Do you know how the property was deeded from your Ma?

Customer:

Ma continued to live in the house, using the water for over 10 years after executing the deed. The deed was to son. Immediately succceeding document recorded created joint tenancy--son and daughter-in-law. There was no life estate interest in the parcel that the well is on. Money does not appear to be the object in this dispute.

BizAttorney :

I understand. As the son and dauther-in-law are now the owners of the property, they would be able to evict your little sister legally and cut off the water.

BizAttorney :

They would have to evict her legally if she won't leave.

Customer:

The Trust owns the house. The well is on an adjoining vacant parcel. 'Son and daughter-in-law' have no existing ownership interests in the house and the lot it sits on.

BizAttorney :

I see, so the owner of the property is the Trust. Who does the trust say gets the property? I thought you said Ma deeded the parcel to the son?

Customer:

The parcel deeded was the adjoining vacant parcel with the well on it. The Trust owns the house which is on a separate lot. The Trust can convey the house to anyone as long as all beneficiaries receive equal renumeration. Money and balancing the distributions are not the problem. The question is: Does the 'house' have a legal right to use the water/well that has served it since it was built in 1975? We are in Wisconsin.

BizAttorney :

No, not automatically. The owner of the property with the well has complete right to do whatever the owner wants with that water. The house is not entitled to use the water because it has in the past. The only time a parcel of property is required to "give" rights to another person, is if the parcel is landlocked and an owner of the subserviant property cannot access it without ingress rights from another parcel.

BizAttorney :

Is the son a beneficiary of the Trust?

BizAttorney :

If he is, there may be an argument that he is not allowed to waste assets in the trust. Essentially if the house is not allowed to have water and that house is in the trust, then restricting the water could be causing waste to the assets of the trust.

Customer:

I apologize. I re-read my initial inquiry and realize I should have been more clear that they built the house on an adjoining parcel.

Customer:

The son is one of 4 beneficiaries. The 'wasting assets' argument is interesting. I am not an attorney but I have reviewed parts of Wi Stats Chapter 829 and 843 and wonder about the possibility of using them to gain a writ.

BizAttorney :

Please give me one moment to access those statutes.

BizAttorney :

Chapter 829 doesn't apply. Let me check 843

BizAttorney :

843 doesn't apply either. They don't give you any relief unfortunately.

BizAttorney :

I would look at the waste argument as that is the only real argument you can have from the facts you have given me.

Customer:

Pardon me again. Chapter 893.28

BizAttorney :

You will need to focus on how the property is not as valuable as it should be because of the son's choices.

BizAttorney :

Let me review 893.28

BizAttorney :

That doesn't help you either.
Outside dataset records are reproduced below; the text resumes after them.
lemma eventually_in_polyhedron:
  assumes ne: "polyhedron b \<noteq> {}" and y: "y \<in> equality_set (active b) b"
  shows "eventually (\<lambda>\<epsilon>. min_norm b + \<epsilon> *\<^sub>R (y - min_norm b) \<in> polyhedron b) (at_right 0)"
proof -
  let ?x = "min_norm b"
  have g_step: "g j (?x + \<epsilon> *\<^sub>R (y - ?x)) = g j ?x + \<epsilon> * (g j y - g j ?x)" if "j \<in> J" for j \<epsilon>
    using linear_g[OF that] by (simp add: linear_add linear_scale linear_diff)
  have "eventually (\<lambda>\<epsilon>. g j ?x + \<epsilon> * (g j y - g j ?x) < b j) (at_right 0)"
    if "j \<in> J - active b" for j
  proof -
    have "g j ?x < b j"
      using that min_norm_in_polyhedron[OF ne] unfolding polyhedron_def active_def by force
    moreover have "((\<lambda>\<epsilon>. g j ?x + \<epsilon> * (g j y - g j ?x)) \<longlongrightarrow> g j ?x) (at_right 0)"
      by (auto intro!: tendsto_eq_intros)
    ultimately show ?thesis
      by (rule order_tendstoD(2)[rotated])
  qed
  then have "eventually (\<lambda>\<epsilon>. \<forall>j\<in>J - active b. g j ?x + \<epsilon> * (g j y - g j ?x) < b j) (at_right 0)"
    using finite_J by (simp add: eventually_ball_finite_distrib)
  then show ?thesis
  proof (rule eventually_mono)
    fix \<epsilon> assume inactive: "\<forall>j\<in>J - active b. g j ?x + \<epsilon> * (g j y - g j ?x) < b j"
    have "g j (?x + \<epsilon> *\<^sub>R (y - ?x)) \<le> b j" if "j \<in> J" for j
    proof (cases "j \<in> active b")
      case True
      then show ?thesis using y g_step[OF that] unfolding equality_set_def active_def by simp
    next
      case False
      then show ?thesis using inactive g_step[OF that] that by force
    qed
    then show "?x + \<epsilon> *\<^sub>R (y - ?x) \<in> polyhedron b"
      unfolding polyhedron_def by blast
  qed
qed

lemma min_norm_eq_active:
  assumes ne: "polyhedron b \<noteq> {}"
  shows "min_norm b = min_norm_eq (active b) b"
proof -
  let ?x = "min_norm b" and ?E = "active b"
  have E: "?E \<subseteq> J" unfolding active_def by auto
  have x: "?x \<in> equality_set ?E b" unfolding equality_set_def active_def by auto
  have "norm ?x \<le> norm y" if y: "y \<in> equality_set ?E b" for y
  proof -
    obtain \<epsilon> :: real where "0 < \<epsilon>" and "?x + \<epsilon> *\<^sub>R (y - ?x) \<in> polyhedron b"
      using eventually_in_polyhedron[OF ne y] eventually_at_right_less[of 0]
      by (metis (mono_tags, lifting) eventually_conj eventually_happens' trivial_limit_at_right_real)
    then have "0 \<le> \<epsilon> * inner ?x (y - ?x)"
      using min_norm_dot by fastforce
    then have "inner ?x ?x \<le> inner ?x y"
      using \<open>0 < \<epsilon>\<close> by (simp add: zero_le_mult_iff inner_diff_right)
    also have "\<dots> \<le> norm ?x * norm y"
      by (rule norm_cauchy_schwarz)
    finally have "norm ?x * norm ?x \<le> norm ?x * norm y"
      by (simp add: power2_norm_eq_inner[symmetric] power2_eq_square)
    then show ?thesis
      by (smt (verit) mult_le_cancel_left norm_ge_zero)
  qed
  then have "norm ?x \<le> norm (min_norm_eq ?E b)"
    using min_norm_eq_in[OF E] x by blast
  then show ?thesis
    unfolding min_norm_eq_def
    by (rule closest_point_zero_unique[OF convex_equality_set[OF E] closed_equality_set[OF E] x])
qed

lemma polyhedron_limit:
  assumes F: "F \<noteq> bot" and z: "(z \<longlongrightarrow> y) F" and c: "\<And>j. ((\<lambda>s. c s j) \<longlongrightarrow> b j) F"
    and ev: "eventually (\<lambda>s. z s \<in> polyhedron (c s)) F"
  shows "y \<in> polyhedron b"
  unfolding polyhedron_def
proof (intro CollectI ballI)
  fix j assume j: "j \<in> J"
  have "((\<lambda>s. g j (z s)) \<longlongrightarrow> g j y) F"
    by (rule bounded_linear.tendsto[OF bounded_linear_g[OF j] z])
  moreover have "eventually (\<lambda>s. g j (z s) \<le> c s j) F"
    using ev by (rule eventually_mono) (use j in \<open>auto simp: polyhedron_def\<close>)
  ultimately show "g j y \<le> b j"
    using F c[of j] by (simp add: tendsto_le)
qed
lemma tens_eval_tbr_antisym:
  assumes "wf_tens Ad G x" "tdeg 1 x" "wf_tens Ad G y" "tdeg 2 y" "bil \<beta>"
  shows "tens_eval \<beta> (TB x y) = - tens_eval \<beta> (TB y x)"
proof -
  have "tens_eval \<beta> (TB x y) = (\<Sum>t1\<leftarrow>x. \<Sum>t2\<leftarrow>y. - entry_eval \<beta> (entry_br sA br t2 t1))"
    unfolding tens_eval_tbr
  proof (rule sum_list_map_cong, rule sum_list_map_cong)
    fix t1 t2 assume "t1 \<in> set x" "t2 \<in> set y"
    then obtain i1 a1 j1 w1 i2 a2 j2 w2 where t: "t1 = ((i1, a1), (j1, w1))" "t2 = ((i2, a2), (j2, w2))"
      and aw: "a1 \<in> Ad i1" "w1 \<in> G j1" "int i1 + j1 = 1" "a2 \<in> Ad i2" "w2 \<in> G j2" "int i2 + j2 = 2"
      using wf_tens_tdeg_entryD[OF assms(1,2)] wf_tens_tdeg_entryD[OF assms(3,4)] by metis
    show "entry_eval \<beta> (entry_br sA br t1 t2) = - entry_eval \<beta> (entry_br sA br t2 t1)"
      unfolding t by (rule entry_br_antisym[OF assms(5) aw(1,2,4,5,3,6)])
  qed
  also have "\<dots> = - tens_eval \<beta> (TB y x)"
    unfolding tens_eval_tbr sum_list_negf by (subst sum_list_swap) simp
  finally show ?thesis .
qed

lemma entry_jacobi:
  assumes "bil \<beta>" "ap \<in> Ad ip" "wp \<in> G jp" "aq \<in> Ad iq" "wq \<in> G jq"
    and "ar \<in> Ad ir" "wr \<in> G jr" "int ip + jp = 1" "int iq + jq = 1" "int ir + jr = 1"
  defines "p \<equiv> ((ip, ap), (jp, wp))" and "r \<equiv> ((iq, aq), (jq, wq))" and "t \<equiv> ((ir, ar), (jr, wr))"
  shows "entry_eval \<beta> (entry_br sA br (entry_br sA br p r) t)
     + entry_eval \<beta> (entry_br sA br (entry_br sA br r t) p)
     + entry_eval \<beta> (entry_br sA br (entry_br sA br t p) r) = 0"
proof -
  have A1: "aq * ar * ap = sA (pm (int (iq + ir) * int ip)) (ap * aq * ar)"
    using A_commute[OF A_mult_graded[OF assms(4,6)] assms(2)] by (simp add: mult.assoc)
  have A2: "ar * ap * aq = sA (pm (int ir * int (ip + iq))) (ap * aq * ar)"
    using A_commute[OF assms(6) A_mult_graded[OF assms(2,4)]] by (simp add: mult.assoc)
  have B1: "br (br wp wq) wr = - s (pm ((jp + jq) * jr)) (br wr (br wp wq))"
    by (rule br_antisym[OF br_graded[OF assms(3,5)] assms(7)])
  have B2: "br (br wq wr) wp = - s (pm ((jq + jr) * jp)) (br wp (br wq wr))"
    by (rule br_antisym[OF br_graded[OF assms(5,7)] assms(3)])
  have B3: "br (br wr wp) wq = - s (pm ((jr + jp) * jq)) (br wq (br wr wp))"
    by (rule br_antisym[OF br_graded[OF assms(7,3)] assms(5)])
  let ?P = "ap * aq * ar"
  have J: "s (pm (jp * jr)) (br wp (br wq wr)) + s (pm (jq * jp)) (br wq (br wr wp))
          + s (pm (jr * jq)) (br wr (br wp wq)) = 0"
    by (rule jacobi[OF assms(3,5,7)])
  have JB: "pm (jp * jr) * \<beta> ?P (br wp (br wq wr)) + pm (jq * jp) * \<beta> ?P (br wq (br wr wp))
          + pm (jr * jq) * \<beta> ?P (br wr (br wp wq)) = 0"
    using arg_cong[OF J, of "\<beta> ?P"] by (simp add: bil_simps[OF assms(1)])
  have j: "jp = 1 - int ip" "jq = 1 - int iq" "jr = 1 - int ir" using assms(8-10) by auto
  show ?thesis
    unfolding p_def r_def t_def
    apply (simp add: A1 A2 B1 B2 B3 bil_simps[OF assms(1)] scaleA_simps scaleL_simps
        A_scale_mult(1)[symmetric])
    using JB
    apply (simp add: j pm_def)
    apply (cases "even ip"; cases "even iq"; cases "even ir"; simp; linarith)
    done
qed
That is regarding adverse possession to those rights. Your Ma died last year, so your little sister would have to adversely take the water another 19 years before that statute could apply.

Customer:

But Ma and/or the 'Ma and Pa Trust' have continuously exercised those rights since 1975, and before that, in the old house. That Trust is still the owner of record.

BizAttorney :

It won't matter. It was not done adversely at all. No court would count that time as adverse time.

BizAttorney :

Adverse time would be when someone takes the water in defiance of another.

Customer:

"Openly and notoriously, without objection" doesn't matter? Son/daughter-in-law's 'permissive' use by Ma that continued for 10+ years after the first 25+ years doesn't matter either?

BizAttorney :

It has to be continuous and be adverse. What you are describing is neither.

Customer:

Thank you for your time and effort. I do appreciate it.

BizAttorney :

You are welcome. Focus on the waste issue, it is your strongest point. Good luck and have a good night!